Il semble de plus en plus improbable que les rohingyas choisissent ou non de rentrer dans leur pays. La semaine dernière, les gouvernements du Bangladesh et du Myanmar ont renforcé leurs dispositions pour renvoyer les 650 000 Rohingyas qui ont fui la répression militaire.
Le Bangladesh a annoncé lundi que les retours seraient retardés dans l’attente de nouveaux «préparatifs», mais il reste que cet arrangement a été convenu sans consultation préalable des Rohingyas eux-mêmes.
Bien que l’arrangement reconnaisse l’exigence légale que les retours soient volontaires et effectués dans la sécurité et la dignité, il est difficile de voir comment cela pourrait se produire sans une transformation totale de la politique du Myanmar envers les Rohingyas. La non reconnaissance de l’armée du Myanmar concernant les atrocités commises contre les Rohingyas n’inspirent pas confiance dans le fait que le sort des Rohingyas au Myanmar s’améliorera de sitôt. L’armée a, jusqu’à présent, admis avoir tué seulement 10 personnes sur des milliers vraisemblables, et fait toujours référence aux hommes, femmes et enfants tués et torturés dans la répression comme étant des «terroristes».

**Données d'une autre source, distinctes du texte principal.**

text \<open>Whichever of w, w' receives its second visitor later finds the pair already in I.\<close>
lemma list_A_if_shared_first_two:
  assumes "w \<noteq> w'" "w \<notin> nbhd E c" "w' \<notin> nbhd E c"
    and "take 2 (visitors xs w) = [a, b]" "take 2 (visitors xs w') = [a', b']"
    and "{a, b} = {a', b'}"
  shows "primal_pair c a b \<in> list_A E c xs"
  using assms
proof (induction xs arbitrary: w w' a b a' b' rule: rev_induct)
  case Nil
  then show ?case by (simp add: visitors_def)
next
  case (snoc x xs)
  obtain u w0 where x: "x = (u, w0)" by fastforce
  have same: "primal_pair c a b = primal_pair c a' b'"
    using snoc.prems(6) by (auto simp: doubleton_eq_iff insert_commute)
  have completed:
    "primal_pair c p u \<in> list_A E c (xs @ [x])"
    if "w0 = v" "v \<noteq> v'" "v \<notin> nbhd E c" "visitors xs v = [p]"
      "take 2 (visitors xs v') = [p', q']" "primal_pair c p u = primal_pair c p' q'" "v' \<notin> nbhd E c"
    for v v' p p' q'
  proof -
    have "primal_pair c u p \<in> list_I E c xs"
      using that list_I_iff[of _ E c xs] by (metis primal_pair_commute)
    then show ?thesis
      using scan_list_snoc_second(2)[OF that(3,4)] that(1) by (simp add: x primal_pair_commute)
  qed
  consider "take 2 (visitors xs w) = [a, b]" "take 2 (visitors xs w') = [a', b']"
    | "w0 = w" "visitors xs w = [a]" "b = u" "take 2 (visitors xs w') = [a', b']"
    | "w0 = w'" "visitors xs w' = [a']" "b' = u" "take 2 (visitors xs w) = [a, b]"
    using snoc.prems(1,4,5) by (auto simp: x take2_visitors_snoc)
  then show ?case
  proof cases
    case 1
    then show ?thesis
      using snoc.IH[OF snoc.prems(1-3) _ _ snoc.prems(6)] scan_list_snoc_mono[of E c xs u w0]
      by (auto simp: x)
  next
    case 2
    then show ?thesis using completed[of w w' a a' b'] snoc.prems same by simp
  next
    case 3
    then show ?thesis using completed[of w' w a' a b] snoc.prems same by simp
  qed
qed

definition scan_pairs :: "'a list \<Rightarrow> ('a \<Rightarrow> 'a list) \<Rightarrow> ('a \<times> 'a) list" where
  "scan_pairs ord nb = concat (map (\<lambda>u. map (Pair u) (nb u)) ord)"

lemma scan_run_eq_scan_list: "scan_run E c ord nb = scan_list E c (scan_pairs ord nb)"
proof -
  have "fold (\<lambda>(u, w). scan_step E c u w) (scan_pairs ord nb) st =
      fold (\<lambda>u st. fold (\<lambda>w st'. scan_step E c u w st') (nb u) st) ord st" for st
    by (induction ord arbitrary: st) (simp_all add: scan_pairs_def fold_map comp_def)
  then show ?thesis by (simp add: scan_run_def scan_list_def)
qed

lemma set_scan_pairs: "(u, w) \<in> set (scan_pairs ord nb) \<longleftrightarrow> u \<in> set ord \<and> w \<in> set (nb u)"
  by (auto simp: scan_pairs_def)

lemma distinct_scan_pairs:
  assumes "distinct ord" "\<And>u. u \<in> set ord \<Longrightarrow> distinct (nb u)"
  shows "distinct (scan_pairs ord nb)"
  using assms by (induction ord) (auto simp: scan_pairs_def distinct_map inj_on_def)

section \<open>Chordless squares and the relation delta\<close>

lemma unique_chordless_square_commute:
  "unique_chordless_square E v u w \<longleftrightarrow> unique_chordless_square E v w u"
  unfolding unique_chordless_square_def by (auto simp: Int_commute insert_commute)

lemma chordless_square_rotate:
  "chordless_square E a b c d \<Longrightarrow> chordless_square E c d a b"
  unfolding chordless_square_def by (auto simp: insert_commute)

lemma delta_sym: "(g, h) \<in> delta E \<Longrightarrow> (h, g) \<in> delta E"
  unfolding delta_def
  by (simp only: mem_Collect_eq prod.case) (metis unique_chordless_square_commute chordless_square_rotate)

lemma nbhd_sym: "x \<in> nbhd E y \<longleftrightarrow> y \<in> nbhd E x"
  by (simp add: nbhd_def insert_commute)

lemma card_neq_2_if_three:
  "a \<in> S \<Longrightarrow> b \<in> S \<Longrightarrow> d \<in> S \<Longrightarrow> a \<noteq> b \<Longrightarrow> a \<noteq> d \<Longrightarrow> b \<noteq> d \<Longrightarrow> card S \<noteq> 2"
  by (auto simp: card_2_iff)

lemma distinct_two_elements:
  assumes "distinct l" "set l = {u, w}" "u \<noteq> w"
  shows "l = [u, w] \<or> l = [w, u]"
proof -
  have "length l = 2" using assms distinct_card[of l] by simp
  then obtain p q where "l = [p, q]" by (auto simp: numeral_2_eq_2 length_Suc_conv)
  then show ?thesis using assms by (auto simp: doubleton_eq_iff)
qed

lemma sym_beta_c: "sym (beta_c E c ord nb)"
  unfolding sym_def beta_c_def by (auto simp: insert_commute)

lemma unique_chordless_square_topE:
  assumes "unique_chordless_square E c u w"
  obtains x where "x \<notin> nbhd E c" "x \<noteq> c" "u \<in> nbhd E x" "w \<in> nbhd E x" "{u, w} \<notin> E"
    "card (nbhd E u \<inter> nbhd E w) = 2"
  using assms unfolding unique_chordless_square_def by (auto simp: nbhd_def insert_commute)

section \<open>The scan at a vertex of a simple graph\<close>

text \<open>Every pair {cu, cw} the scan puts into A satisfies this: by step (1) u and w are adjacent;
  by step (3) they have two common neighbours besides c, the current vertex and an earlier one
  with the same first two primal neighbours; by step (4) the current vertex is a common
  neighbour with more than two primal neighbours.\<close>
definition absence_witness :: "'a set set \<Rightarrow> 'a \<Rightarrow> 'a \<Rightarrow> 'a \<Rightarrow> bool" where
  "absence_witness E c u w \<longleftrightarrow> {u, w} \<in> E \<or> card (nbhd E u \<inter> nbhd E w) \<noteq> 2 \<or>
     (\<exists>x. x \<notin> nbhd E c \<and> x \<noteq> c \<and> u \<in> nbhd E x \<and> w \<in> nbhd E x \<and>
          card (nbhd E c \<inter> nbhd E x) \<noteq> 2)"

lemma absence_witness_commute: "absence_witness E c u w \<longleftrightarrow> absence_witness E c w u"
  unfolding absence_witness_def by (auto simp: insert_commute Int_commute)

locale scan_at =
  fixes V :: "'a set" and E :: "'a set set" and c :: 'a
    and ord :: "'a list" and nb :: "'a \<Rightarrow> 'a list"
  assumes simple: "simple_graph V E"
    and order: "valid_scan_order E c ord nb"
begin

abbreviation "N \<equiv> nbhd E"
abbreviation "steps \<equiv> scan_pairs ord nb"
abbreviation "alpha \<equiv> alpha_bar_c E c ord nb"
abbreviation "beta \<equiv> beta_c E c ord nb"

lemma not_in_own_nbhd: "x \<notin> N x"
  using simple by (force simp: simple_graph_def nbhd_def doubleton_eq_iff)

lemma nbhd_neq: "y \<in> N x \<Longrightarrow> y \<noteq> x"
  using not_in_own_nbhd by blast

lemma finite_nbhd: "finite (N x)"
proof -
  have "N x \<subseteq> V"
    using simple by (force simp: simple_graph_def nbhd_def doubleton_eq_iff)
  then show ?thesis using simple finite_subset by (auto simp: simple_graph_def)
qed

lemma steps_iff: "(u, w) \<in> set steps \<longleftrightarrow> u \<in> N c \<and> w \<in> N u \<and> w \<noteq> c"
  using order by (auto simp: valid_scan_order_def set_scan_pairs)

lemma distinct_steps: "distinct steps"
  using order by (auto simp: valid_scan_order_def intro: distinct_scan_pairs)

lemma set_visitors_steps: "w \<noteq> c \<Longrightarrow> set (visitors steps w) = N c \<inter> N w"
  by (auto simp: set_visitors steps_iff nbhd_sym)

lemma inc_edgesE:
  assumes "e \<in> inc_edges E c"
  obtains u where "u \<in> N c" "e = {c, u}"
proof -
  obtain a b where "e = {a, b}" "e \<in> E" "c \<in> e"
    using assms simple by (auto simp: inc_edges_def simple_graph_def)
  then show ?thesis using that by (auto simp: nbhd_def insert_commute)
qed

lemma primal_edge_iff: "{c, u} \<in> inc_edges E c \<longleftrightarrow> u \<in> N c"
  by (simp add: inc_edges_def nbhd_def)

lemma beta_iff:
  "u \<in> N c \<Longrightarrow> w \<in> N c \<Longrightarrow> ({c, u}, {c, w}) \<in> beta \<longleftrightarrow> primal_pair c u w \<in> list_A E c steps"
  by (simp add: beta_c_def scan_A_def scan_run_eq_scan_list primal_edge_iff)

lemma alpha_iff:
  "u \<in> N c \<Longrightarrow> w \<in> N c \<Longrightarrow> ({c, u}, {c, w}) \<in> alpha \<longleftrightarrow> primal_pair c u w \<notin> list_I E c steps"
  by (simp add: alpha_bar_c_def scan_I_def scan_run_eq_scan_list primal_edge_iff)

lemma beta_if_adjacent: "u \<in> N c \<Longrightarrow> w \<in> N c \<Longrightarrow> w \<in> N u \<Longrightarrow> ({c, u}, {c, w}) \<in> beta"
  by (simp add: beta_iff list_A_if_primal_visit steps_iff nbhd_neq)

Selon toute vraisemblance, le retour des Rohingyas sera confronté aux mêmes conditions misérables d’apartheid qu’ils ont récemment fui. Des parties spécifiques de l’affaire semblent le confirmer. Par exemple, il stipule que la liberté de mouvement des Rohingyas sera basée sur «la législation et la réglementation existantes» – autrement dit, un retour à un statu quo qui discrimine les Rohingyas, les sépare dans les bidonvilles frappés par la pauvreté et leur interdit de voyager. C’est pourquoi il est si important que les réfugiés eux-mêmes aient leur mot à dire.
Étant donné que de nombreux Rohingyas n’ont plus de maison au Myanmar, les deux gouvernements ont proposé de les transférer dans des camps de transit et des centres d’accueil. A en juger par le fait que quelque 120 000 Rohingyas ont vécu dans des camps de déplacés «temporaires» dans l’État de Rakhine depuis 2012, le déplacement de ceux qui reviennent sera vraisemblablement prolongé de l’autre côté de la frontière.
Le Bangladesh est l’un des pays les plus pauvres du monde et la présence d’environ un million de Rohingyas dans le pays – les derniers arrivants ont rejoint des centaines de milliers de Rohingyas déplacés lors de crises précédentes – a poussé les services et les infrastructures à la rupture.
Le 23 octobre dernier, une conférence d’annonce de contributions de haut niveau organisée à Genève pour recueillir des fonds pour la réponse humanitaire au Bangladesh n’a pas permis d’obtenir le total des fonds demandés. Aucun des fonds promis ne servira à financer les besoins d’infrastructure du Bangladesh et, de toute façon, il est uniquement conçu pour couvrir les besoins les plus fondamentaux des réfugiés – nourriture et logement – et seulement pour six mois. Au début du printemps, le Bangladesh sera de retour à la case départ. D’autres pays doivent d’urgence s’engager à soutenir le Bangladesh, financièrement et autrement, pour continuer à accueillir les demandeurs d’asile.
Le peu de soutien de la communauté internationale envers les Rohingyas n’est pas une nouvelle histoire. En 2015, des milliers de Rohingyas ont passé des mois bloqués dans des bateaux dans la mer d’Andaman, après avoir été rejetés à plusieurs reprises par les autorités côtières en Indonésie , en Thaïlande et en Malaisie. En septembre dernier, au plus fort de la répression militaire, l’Australie a tenté de soudoyer les réfugiés rohingyas dans son centre de détention de l’île de Manus afin qu’ils retournent au Myanmar.
Les réfugiés Rohingya ont un droit inaliénable de retourner au Myanmar. Cela signifie que toute personne qui souhaite revenir en vertu de l’accord devrait être en mesure de le faire. Le Bangladesh et le Myanmar doivent faciliter ces retours et, une fois au Myanmar, les autorités sont tenues de protéger leurs droits humains. Mais avant tout retour parrainé par l’État, le Myanmar a besoin d’effectuer un changement fondamental dans la façon dont il traite les Rohingyas, démanteler le système d’apartheid dans lequel vivent les musulmans et engager à assurer la responsabilité des crimes passés commis par les forces de sécurité.
Jusqu’à ce que cela se produise, les retours parrainés par l’État au Myanmar ne peuvent pas vraiment être considérés comme volontaires.